## PROVIDED INFORMATION

==================================================

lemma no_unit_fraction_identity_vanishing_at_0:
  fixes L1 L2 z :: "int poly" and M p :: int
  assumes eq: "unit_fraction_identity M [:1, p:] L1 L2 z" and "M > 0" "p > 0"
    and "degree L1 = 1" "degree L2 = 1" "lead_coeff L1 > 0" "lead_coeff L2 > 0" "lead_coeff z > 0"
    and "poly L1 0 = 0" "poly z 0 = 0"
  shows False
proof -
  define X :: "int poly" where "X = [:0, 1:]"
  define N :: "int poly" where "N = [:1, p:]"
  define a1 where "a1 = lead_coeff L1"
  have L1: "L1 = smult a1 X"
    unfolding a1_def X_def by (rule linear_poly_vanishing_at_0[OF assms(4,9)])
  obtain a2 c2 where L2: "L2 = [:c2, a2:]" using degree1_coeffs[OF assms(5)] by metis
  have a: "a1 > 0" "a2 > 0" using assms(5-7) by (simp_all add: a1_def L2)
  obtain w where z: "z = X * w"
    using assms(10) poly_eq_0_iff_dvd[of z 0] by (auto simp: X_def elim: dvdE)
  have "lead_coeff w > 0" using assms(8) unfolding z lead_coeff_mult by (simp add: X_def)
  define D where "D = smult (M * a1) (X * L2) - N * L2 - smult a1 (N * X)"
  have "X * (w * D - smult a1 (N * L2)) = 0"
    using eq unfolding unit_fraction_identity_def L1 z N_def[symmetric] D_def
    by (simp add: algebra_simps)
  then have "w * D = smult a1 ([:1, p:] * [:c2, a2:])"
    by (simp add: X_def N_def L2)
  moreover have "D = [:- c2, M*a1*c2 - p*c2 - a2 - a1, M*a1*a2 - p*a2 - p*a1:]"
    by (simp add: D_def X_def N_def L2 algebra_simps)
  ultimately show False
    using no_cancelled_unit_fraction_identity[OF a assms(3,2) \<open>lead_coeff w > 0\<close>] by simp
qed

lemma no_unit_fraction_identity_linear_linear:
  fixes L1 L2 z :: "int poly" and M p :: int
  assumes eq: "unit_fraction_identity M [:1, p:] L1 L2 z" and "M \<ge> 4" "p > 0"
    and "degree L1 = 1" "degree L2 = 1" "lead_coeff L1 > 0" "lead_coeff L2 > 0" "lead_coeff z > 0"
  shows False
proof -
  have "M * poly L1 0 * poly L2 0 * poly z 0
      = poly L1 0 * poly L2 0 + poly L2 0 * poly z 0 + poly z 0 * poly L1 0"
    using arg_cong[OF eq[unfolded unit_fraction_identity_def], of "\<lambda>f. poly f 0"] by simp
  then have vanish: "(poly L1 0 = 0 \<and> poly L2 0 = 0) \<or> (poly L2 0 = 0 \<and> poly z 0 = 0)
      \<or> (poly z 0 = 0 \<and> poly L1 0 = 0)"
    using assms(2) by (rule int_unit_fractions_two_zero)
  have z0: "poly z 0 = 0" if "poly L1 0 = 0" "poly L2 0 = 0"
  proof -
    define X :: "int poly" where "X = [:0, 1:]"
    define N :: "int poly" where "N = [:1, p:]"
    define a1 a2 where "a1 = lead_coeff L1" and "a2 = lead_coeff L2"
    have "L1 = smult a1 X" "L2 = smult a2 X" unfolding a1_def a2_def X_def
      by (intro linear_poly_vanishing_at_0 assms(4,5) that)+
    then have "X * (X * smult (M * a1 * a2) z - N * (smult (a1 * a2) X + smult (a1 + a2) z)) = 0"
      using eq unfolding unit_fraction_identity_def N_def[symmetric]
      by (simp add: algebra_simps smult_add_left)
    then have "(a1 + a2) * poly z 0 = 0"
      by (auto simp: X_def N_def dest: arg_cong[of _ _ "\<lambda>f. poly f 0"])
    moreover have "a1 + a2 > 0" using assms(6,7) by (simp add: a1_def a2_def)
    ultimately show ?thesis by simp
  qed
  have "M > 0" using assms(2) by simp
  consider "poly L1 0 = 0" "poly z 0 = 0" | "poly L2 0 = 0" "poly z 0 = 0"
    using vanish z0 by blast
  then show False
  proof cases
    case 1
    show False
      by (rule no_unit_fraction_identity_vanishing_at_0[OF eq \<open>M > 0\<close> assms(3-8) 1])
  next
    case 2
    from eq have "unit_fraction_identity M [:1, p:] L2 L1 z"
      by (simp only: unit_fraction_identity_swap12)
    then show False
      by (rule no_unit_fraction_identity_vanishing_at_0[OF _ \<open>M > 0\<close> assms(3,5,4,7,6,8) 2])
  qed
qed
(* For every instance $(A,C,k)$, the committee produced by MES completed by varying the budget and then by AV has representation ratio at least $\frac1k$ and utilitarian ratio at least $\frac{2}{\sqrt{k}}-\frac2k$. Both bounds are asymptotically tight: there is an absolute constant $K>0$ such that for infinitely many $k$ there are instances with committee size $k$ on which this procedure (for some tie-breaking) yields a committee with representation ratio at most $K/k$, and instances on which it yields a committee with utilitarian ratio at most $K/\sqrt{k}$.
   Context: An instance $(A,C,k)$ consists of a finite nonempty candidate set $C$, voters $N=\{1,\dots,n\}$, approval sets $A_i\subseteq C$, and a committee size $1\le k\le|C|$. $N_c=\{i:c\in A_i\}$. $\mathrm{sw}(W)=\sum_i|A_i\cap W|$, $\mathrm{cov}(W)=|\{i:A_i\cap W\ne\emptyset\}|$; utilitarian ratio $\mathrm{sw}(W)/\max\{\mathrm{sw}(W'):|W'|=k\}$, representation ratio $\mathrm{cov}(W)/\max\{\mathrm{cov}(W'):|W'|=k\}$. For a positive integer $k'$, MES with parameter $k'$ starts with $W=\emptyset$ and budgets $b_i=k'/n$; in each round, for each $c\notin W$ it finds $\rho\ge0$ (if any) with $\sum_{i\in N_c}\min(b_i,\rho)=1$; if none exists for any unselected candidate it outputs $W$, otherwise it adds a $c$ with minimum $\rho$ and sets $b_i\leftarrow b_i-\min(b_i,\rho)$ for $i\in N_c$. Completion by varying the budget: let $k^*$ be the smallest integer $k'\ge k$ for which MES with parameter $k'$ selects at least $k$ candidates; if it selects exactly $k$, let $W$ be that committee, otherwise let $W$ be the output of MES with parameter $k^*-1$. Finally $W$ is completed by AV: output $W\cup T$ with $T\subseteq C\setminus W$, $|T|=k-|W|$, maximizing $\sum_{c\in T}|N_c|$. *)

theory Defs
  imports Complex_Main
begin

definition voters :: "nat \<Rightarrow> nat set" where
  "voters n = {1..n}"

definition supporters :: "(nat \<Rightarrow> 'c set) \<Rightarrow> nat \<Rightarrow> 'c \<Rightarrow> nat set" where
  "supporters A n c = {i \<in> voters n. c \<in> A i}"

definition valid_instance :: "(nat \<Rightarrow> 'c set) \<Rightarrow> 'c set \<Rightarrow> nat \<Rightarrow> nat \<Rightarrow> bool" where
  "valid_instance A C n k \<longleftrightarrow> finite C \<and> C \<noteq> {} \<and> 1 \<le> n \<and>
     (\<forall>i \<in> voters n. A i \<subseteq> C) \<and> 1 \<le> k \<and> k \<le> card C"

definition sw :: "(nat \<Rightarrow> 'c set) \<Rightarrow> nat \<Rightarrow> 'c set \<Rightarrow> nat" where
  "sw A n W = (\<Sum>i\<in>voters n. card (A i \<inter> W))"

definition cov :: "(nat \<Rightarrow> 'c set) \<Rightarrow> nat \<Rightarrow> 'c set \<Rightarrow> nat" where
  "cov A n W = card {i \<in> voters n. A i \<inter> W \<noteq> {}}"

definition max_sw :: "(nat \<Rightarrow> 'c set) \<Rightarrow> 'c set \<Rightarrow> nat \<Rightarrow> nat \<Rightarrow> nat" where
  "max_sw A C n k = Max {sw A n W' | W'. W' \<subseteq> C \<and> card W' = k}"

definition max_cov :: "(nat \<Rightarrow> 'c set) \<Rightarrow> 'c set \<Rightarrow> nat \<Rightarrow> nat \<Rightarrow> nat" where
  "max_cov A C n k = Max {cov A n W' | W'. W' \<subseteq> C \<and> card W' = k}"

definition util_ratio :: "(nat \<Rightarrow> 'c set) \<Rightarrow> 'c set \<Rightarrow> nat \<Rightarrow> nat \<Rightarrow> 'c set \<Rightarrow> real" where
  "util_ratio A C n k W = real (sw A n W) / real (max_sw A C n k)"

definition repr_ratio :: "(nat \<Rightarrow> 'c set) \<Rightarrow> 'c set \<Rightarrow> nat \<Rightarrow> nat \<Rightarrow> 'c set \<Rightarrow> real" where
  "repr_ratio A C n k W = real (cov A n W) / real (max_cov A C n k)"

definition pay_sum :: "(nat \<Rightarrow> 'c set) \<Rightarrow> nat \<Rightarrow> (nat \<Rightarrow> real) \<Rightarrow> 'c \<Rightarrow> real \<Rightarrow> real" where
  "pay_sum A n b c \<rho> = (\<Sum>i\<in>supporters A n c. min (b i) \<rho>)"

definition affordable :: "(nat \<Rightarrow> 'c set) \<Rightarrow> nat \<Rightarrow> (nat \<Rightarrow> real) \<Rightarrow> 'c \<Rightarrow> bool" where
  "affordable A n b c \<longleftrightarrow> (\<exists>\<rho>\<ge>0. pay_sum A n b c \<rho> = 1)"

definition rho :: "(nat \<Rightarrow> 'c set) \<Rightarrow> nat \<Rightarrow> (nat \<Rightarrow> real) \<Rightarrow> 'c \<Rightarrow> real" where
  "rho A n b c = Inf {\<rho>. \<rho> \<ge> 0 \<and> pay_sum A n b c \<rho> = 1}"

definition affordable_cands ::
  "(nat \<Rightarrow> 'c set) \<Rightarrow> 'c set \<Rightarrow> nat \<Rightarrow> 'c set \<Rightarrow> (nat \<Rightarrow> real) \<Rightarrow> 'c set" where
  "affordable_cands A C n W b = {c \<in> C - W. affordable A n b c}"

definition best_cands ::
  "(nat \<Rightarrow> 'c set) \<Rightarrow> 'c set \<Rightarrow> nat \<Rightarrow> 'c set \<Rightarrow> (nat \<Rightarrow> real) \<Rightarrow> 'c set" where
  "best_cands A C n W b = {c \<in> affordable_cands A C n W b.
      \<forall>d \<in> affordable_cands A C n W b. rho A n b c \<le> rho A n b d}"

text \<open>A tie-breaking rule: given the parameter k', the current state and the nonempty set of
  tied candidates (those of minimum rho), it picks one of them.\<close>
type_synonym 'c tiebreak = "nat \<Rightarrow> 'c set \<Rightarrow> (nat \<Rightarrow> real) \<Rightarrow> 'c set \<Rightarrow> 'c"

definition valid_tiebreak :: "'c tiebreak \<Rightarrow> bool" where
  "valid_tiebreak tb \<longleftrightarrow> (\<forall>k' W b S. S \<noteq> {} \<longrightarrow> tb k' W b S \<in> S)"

==================================================

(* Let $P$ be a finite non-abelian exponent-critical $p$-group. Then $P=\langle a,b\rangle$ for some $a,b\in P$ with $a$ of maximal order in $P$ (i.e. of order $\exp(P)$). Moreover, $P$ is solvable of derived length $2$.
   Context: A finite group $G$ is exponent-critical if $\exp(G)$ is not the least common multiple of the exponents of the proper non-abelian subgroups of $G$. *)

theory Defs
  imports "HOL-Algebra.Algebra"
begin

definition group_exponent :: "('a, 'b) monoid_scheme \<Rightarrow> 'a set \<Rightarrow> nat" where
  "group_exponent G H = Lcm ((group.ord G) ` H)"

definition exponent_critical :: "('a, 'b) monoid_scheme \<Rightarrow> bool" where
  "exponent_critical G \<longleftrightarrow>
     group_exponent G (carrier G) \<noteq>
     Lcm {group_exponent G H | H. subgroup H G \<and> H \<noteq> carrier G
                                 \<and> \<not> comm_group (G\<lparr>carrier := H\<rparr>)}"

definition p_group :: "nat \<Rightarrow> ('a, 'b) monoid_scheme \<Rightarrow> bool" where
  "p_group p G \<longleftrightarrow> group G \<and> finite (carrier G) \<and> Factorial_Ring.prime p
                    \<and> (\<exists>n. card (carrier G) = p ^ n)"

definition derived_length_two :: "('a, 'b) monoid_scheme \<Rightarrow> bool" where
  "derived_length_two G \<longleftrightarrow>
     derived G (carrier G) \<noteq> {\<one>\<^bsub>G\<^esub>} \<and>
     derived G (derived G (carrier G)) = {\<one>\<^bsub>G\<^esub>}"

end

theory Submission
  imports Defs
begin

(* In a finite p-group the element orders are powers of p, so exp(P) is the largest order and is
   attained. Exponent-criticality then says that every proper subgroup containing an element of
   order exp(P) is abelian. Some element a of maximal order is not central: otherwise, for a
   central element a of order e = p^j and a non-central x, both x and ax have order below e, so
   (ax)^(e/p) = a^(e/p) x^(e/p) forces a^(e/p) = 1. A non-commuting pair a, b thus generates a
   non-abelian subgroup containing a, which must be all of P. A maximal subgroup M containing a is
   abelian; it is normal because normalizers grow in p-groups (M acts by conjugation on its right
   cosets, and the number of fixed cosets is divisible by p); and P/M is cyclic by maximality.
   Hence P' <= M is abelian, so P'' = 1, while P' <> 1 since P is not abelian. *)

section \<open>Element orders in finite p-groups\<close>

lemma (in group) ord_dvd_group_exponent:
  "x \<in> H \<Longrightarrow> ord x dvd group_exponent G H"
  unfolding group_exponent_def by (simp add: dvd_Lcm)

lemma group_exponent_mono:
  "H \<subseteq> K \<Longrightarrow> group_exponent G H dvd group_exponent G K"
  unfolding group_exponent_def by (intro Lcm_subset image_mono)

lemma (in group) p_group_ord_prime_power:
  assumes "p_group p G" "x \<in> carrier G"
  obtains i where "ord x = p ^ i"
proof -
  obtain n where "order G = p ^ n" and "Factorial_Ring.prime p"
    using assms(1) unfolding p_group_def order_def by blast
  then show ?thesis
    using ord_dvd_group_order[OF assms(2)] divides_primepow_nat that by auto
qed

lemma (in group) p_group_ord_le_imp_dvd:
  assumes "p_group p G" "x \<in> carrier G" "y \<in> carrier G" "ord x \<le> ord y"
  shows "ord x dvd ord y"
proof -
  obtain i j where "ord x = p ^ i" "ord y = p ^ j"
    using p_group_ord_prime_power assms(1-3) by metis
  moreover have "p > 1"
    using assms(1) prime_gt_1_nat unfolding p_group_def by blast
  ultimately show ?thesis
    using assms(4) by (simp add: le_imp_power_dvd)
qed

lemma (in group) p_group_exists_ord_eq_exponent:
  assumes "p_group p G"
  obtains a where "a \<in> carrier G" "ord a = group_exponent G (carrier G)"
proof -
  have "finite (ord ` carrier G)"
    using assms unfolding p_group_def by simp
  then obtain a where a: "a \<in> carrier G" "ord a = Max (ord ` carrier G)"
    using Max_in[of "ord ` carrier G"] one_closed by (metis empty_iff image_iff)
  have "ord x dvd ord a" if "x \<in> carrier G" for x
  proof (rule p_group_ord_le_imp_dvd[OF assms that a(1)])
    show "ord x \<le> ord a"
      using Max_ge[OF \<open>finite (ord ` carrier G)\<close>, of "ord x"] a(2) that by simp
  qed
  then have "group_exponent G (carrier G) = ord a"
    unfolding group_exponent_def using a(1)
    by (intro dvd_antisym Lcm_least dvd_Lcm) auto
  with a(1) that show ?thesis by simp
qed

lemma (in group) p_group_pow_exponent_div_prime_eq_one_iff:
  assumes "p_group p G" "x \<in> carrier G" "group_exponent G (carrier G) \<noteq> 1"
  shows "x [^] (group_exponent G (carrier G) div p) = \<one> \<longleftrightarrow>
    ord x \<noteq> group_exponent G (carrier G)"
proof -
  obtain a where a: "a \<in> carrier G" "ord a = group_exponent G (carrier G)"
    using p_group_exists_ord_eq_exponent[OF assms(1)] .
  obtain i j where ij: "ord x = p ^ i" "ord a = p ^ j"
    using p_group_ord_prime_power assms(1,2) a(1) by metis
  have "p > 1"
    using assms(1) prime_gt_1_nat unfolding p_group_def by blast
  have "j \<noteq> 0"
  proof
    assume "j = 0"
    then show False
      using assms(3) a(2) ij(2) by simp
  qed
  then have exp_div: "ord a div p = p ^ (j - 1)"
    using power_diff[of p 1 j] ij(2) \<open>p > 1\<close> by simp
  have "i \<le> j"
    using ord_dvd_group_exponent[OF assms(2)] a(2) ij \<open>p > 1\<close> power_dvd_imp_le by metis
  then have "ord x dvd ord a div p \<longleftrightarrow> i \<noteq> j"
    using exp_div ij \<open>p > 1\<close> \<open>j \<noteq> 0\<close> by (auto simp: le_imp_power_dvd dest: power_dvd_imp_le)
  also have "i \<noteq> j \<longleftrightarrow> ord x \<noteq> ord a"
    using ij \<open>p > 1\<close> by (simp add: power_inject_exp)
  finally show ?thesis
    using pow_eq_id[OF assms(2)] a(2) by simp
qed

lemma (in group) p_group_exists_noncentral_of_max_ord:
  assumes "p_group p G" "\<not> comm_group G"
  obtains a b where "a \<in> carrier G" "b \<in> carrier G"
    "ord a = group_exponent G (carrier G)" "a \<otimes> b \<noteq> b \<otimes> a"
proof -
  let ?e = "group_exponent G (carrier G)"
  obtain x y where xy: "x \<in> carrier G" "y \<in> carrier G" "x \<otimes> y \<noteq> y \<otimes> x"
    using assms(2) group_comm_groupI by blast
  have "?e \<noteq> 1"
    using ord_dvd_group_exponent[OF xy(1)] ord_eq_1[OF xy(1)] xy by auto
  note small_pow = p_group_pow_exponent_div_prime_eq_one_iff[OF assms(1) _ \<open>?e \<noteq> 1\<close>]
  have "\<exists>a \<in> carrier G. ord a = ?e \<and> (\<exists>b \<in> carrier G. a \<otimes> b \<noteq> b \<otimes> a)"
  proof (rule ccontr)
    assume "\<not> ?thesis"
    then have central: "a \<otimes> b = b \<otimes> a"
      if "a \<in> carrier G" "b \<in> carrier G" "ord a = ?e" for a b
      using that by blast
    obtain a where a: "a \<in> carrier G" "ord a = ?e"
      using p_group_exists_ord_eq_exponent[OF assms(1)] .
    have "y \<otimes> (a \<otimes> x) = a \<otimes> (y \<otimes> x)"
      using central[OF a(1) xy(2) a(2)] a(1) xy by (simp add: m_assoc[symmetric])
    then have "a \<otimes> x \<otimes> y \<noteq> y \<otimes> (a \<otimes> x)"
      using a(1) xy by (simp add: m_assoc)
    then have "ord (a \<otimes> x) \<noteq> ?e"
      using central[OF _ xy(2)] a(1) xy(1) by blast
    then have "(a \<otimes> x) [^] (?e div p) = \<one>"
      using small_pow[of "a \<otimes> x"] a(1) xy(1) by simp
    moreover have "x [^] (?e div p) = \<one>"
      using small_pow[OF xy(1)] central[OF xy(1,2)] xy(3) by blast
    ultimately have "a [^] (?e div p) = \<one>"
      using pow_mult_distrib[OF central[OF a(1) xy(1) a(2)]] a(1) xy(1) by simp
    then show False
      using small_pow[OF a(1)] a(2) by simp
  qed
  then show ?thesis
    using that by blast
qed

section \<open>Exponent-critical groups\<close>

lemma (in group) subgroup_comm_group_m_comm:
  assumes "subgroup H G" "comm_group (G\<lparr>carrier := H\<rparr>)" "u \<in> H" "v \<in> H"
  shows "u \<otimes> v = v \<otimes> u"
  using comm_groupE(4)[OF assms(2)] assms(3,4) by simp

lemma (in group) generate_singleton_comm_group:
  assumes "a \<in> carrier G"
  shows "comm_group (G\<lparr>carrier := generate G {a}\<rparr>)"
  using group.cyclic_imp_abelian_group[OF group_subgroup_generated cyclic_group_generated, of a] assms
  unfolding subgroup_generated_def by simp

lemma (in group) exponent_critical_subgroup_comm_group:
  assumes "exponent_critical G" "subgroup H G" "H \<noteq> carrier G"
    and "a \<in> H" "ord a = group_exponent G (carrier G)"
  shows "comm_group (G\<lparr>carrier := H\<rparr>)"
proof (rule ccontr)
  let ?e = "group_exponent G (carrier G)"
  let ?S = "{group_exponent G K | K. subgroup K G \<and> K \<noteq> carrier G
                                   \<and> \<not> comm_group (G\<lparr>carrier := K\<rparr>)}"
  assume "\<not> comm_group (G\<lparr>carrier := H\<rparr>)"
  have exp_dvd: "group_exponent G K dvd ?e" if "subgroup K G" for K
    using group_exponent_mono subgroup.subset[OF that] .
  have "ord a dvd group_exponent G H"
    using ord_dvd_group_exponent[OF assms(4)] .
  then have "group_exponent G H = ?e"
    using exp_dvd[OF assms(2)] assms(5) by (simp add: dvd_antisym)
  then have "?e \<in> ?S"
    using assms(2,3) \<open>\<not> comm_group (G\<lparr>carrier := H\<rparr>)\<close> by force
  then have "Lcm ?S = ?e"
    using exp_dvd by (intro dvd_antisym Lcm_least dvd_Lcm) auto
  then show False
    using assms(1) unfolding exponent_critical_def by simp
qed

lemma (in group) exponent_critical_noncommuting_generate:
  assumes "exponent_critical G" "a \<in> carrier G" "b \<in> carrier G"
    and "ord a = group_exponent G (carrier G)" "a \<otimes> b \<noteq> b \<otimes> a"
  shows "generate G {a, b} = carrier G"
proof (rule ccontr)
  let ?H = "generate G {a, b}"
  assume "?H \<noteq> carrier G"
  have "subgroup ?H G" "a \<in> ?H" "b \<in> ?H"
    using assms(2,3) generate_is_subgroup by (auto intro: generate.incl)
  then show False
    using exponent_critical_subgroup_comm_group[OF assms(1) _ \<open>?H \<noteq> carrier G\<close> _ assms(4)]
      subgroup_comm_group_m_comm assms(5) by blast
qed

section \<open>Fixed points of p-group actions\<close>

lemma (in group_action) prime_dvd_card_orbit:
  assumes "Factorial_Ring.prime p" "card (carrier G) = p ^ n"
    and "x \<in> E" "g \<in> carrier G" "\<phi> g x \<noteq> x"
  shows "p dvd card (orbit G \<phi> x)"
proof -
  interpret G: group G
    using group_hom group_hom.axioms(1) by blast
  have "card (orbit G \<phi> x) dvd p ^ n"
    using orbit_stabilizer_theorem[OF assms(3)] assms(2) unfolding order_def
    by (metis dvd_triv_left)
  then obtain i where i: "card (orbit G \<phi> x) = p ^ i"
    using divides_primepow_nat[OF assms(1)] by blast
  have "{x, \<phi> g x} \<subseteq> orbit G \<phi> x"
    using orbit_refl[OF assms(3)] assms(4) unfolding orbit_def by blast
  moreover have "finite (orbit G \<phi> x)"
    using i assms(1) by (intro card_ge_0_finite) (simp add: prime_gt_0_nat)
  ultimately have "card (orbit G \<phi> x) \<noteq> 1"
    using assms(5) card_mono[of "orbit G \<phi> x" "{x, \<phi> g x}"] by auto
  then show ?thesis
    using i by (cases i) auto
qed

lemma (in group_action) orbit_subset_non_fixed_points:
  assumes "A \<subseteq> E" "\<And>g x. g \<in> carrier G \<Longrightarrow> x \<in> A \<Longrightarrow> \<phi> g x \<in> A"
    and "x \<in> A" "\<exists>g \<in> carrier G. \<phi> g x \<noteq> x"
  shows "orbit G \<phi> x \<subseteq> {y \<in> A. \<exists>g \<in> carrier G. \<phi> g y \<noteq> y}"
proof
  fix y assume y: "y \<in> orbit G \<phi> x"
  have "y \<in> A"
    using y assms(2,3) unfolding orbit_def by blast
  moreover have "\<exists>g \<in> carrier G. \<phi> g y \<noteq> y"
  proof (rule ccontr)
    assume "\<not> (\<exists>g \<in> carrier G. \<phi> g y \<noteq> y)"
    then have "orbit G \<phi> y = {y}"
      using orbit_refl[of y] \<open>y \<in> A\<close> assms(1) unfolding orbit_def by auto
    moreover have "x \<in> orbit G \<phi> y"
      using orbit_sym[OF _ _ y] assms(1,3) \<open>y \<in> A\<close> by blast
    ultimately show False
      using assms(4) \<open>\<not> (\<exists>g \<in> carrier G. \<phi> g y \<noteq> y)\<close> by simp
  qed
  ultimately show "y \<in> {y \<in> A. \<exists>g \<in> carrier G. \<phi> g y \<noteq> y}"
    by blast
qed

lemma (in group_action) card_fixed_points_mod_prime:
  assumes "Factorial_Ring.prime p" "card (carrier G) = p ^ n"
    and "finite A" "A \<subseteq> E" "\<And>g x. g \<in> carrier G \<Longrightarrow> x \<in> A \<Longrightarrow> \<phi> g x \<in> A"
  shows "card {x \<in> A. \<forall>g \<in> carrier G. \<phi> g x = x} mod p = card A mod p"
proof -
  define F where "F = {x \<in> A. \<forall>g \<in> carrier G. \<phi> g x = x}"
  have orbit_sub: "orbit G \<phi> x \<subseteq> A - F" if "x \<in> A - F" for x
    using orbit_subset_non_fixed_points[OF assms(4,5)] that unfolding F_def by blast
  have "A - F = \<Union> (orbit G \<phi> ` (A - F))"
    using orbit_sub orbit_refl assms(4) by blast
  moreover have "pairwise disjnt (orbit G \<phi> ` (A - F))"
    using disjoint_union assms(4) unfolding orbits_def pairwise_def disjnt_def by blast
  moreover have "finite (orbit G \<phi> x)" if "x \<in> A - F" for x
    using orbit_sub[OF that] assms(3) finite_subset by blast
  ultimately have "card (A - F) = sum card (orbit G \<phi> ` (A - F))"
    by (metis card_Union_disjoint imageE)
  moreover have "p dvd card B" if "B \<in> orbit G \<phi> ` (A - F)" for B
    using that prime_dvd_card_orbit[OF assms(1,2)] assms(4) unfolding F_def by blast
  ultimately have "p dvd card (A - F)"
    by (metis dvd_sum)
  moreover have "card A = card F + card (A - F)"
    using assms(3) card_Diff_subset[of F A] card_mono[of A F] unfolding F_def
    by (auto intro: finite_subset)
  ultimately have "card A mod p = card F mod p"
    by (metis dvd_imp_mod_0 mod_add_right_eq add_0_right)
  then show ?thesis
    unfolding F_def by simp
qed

==================================================

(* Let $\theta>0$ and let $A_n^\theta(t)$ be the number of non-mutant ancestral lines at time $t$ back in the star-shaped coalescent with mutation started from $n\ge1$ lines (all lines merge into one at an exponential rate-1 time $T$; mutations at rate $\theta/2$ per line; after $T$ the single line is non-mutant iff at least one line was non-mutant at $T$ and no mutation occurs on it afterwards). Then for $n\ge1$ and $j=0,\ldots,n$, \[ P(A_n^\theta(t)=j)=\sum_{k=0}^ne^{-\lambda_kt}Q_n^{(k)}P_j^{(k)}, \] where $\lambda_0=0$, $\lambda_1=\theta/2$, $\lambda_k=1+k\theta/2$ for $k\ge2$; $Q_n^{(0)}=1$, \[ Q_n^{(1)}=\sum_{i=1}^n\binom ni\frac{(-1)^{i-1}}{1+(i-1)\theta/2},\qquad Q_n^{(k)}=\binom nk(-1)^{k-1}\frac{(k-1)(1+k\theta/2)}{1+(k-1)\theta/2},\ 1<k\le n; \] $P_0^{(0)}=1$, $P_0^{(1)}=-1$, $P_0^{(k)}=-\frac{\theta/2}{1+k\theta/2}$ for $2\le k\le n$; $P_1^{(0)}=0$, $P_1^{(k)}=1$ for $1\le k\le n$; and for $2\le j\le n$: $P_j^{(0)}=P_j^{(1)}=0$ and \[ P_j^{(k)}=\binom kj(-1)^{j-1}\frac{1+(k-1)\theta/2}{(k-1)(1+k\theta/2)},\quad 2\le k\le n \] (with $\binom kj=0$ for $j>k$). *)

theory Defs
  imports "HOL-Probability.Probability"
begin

==================================================

Among the lines of the material, some contain the string "nonempty". State how many, and nothing more.

## WRITTEN RESPONSE
2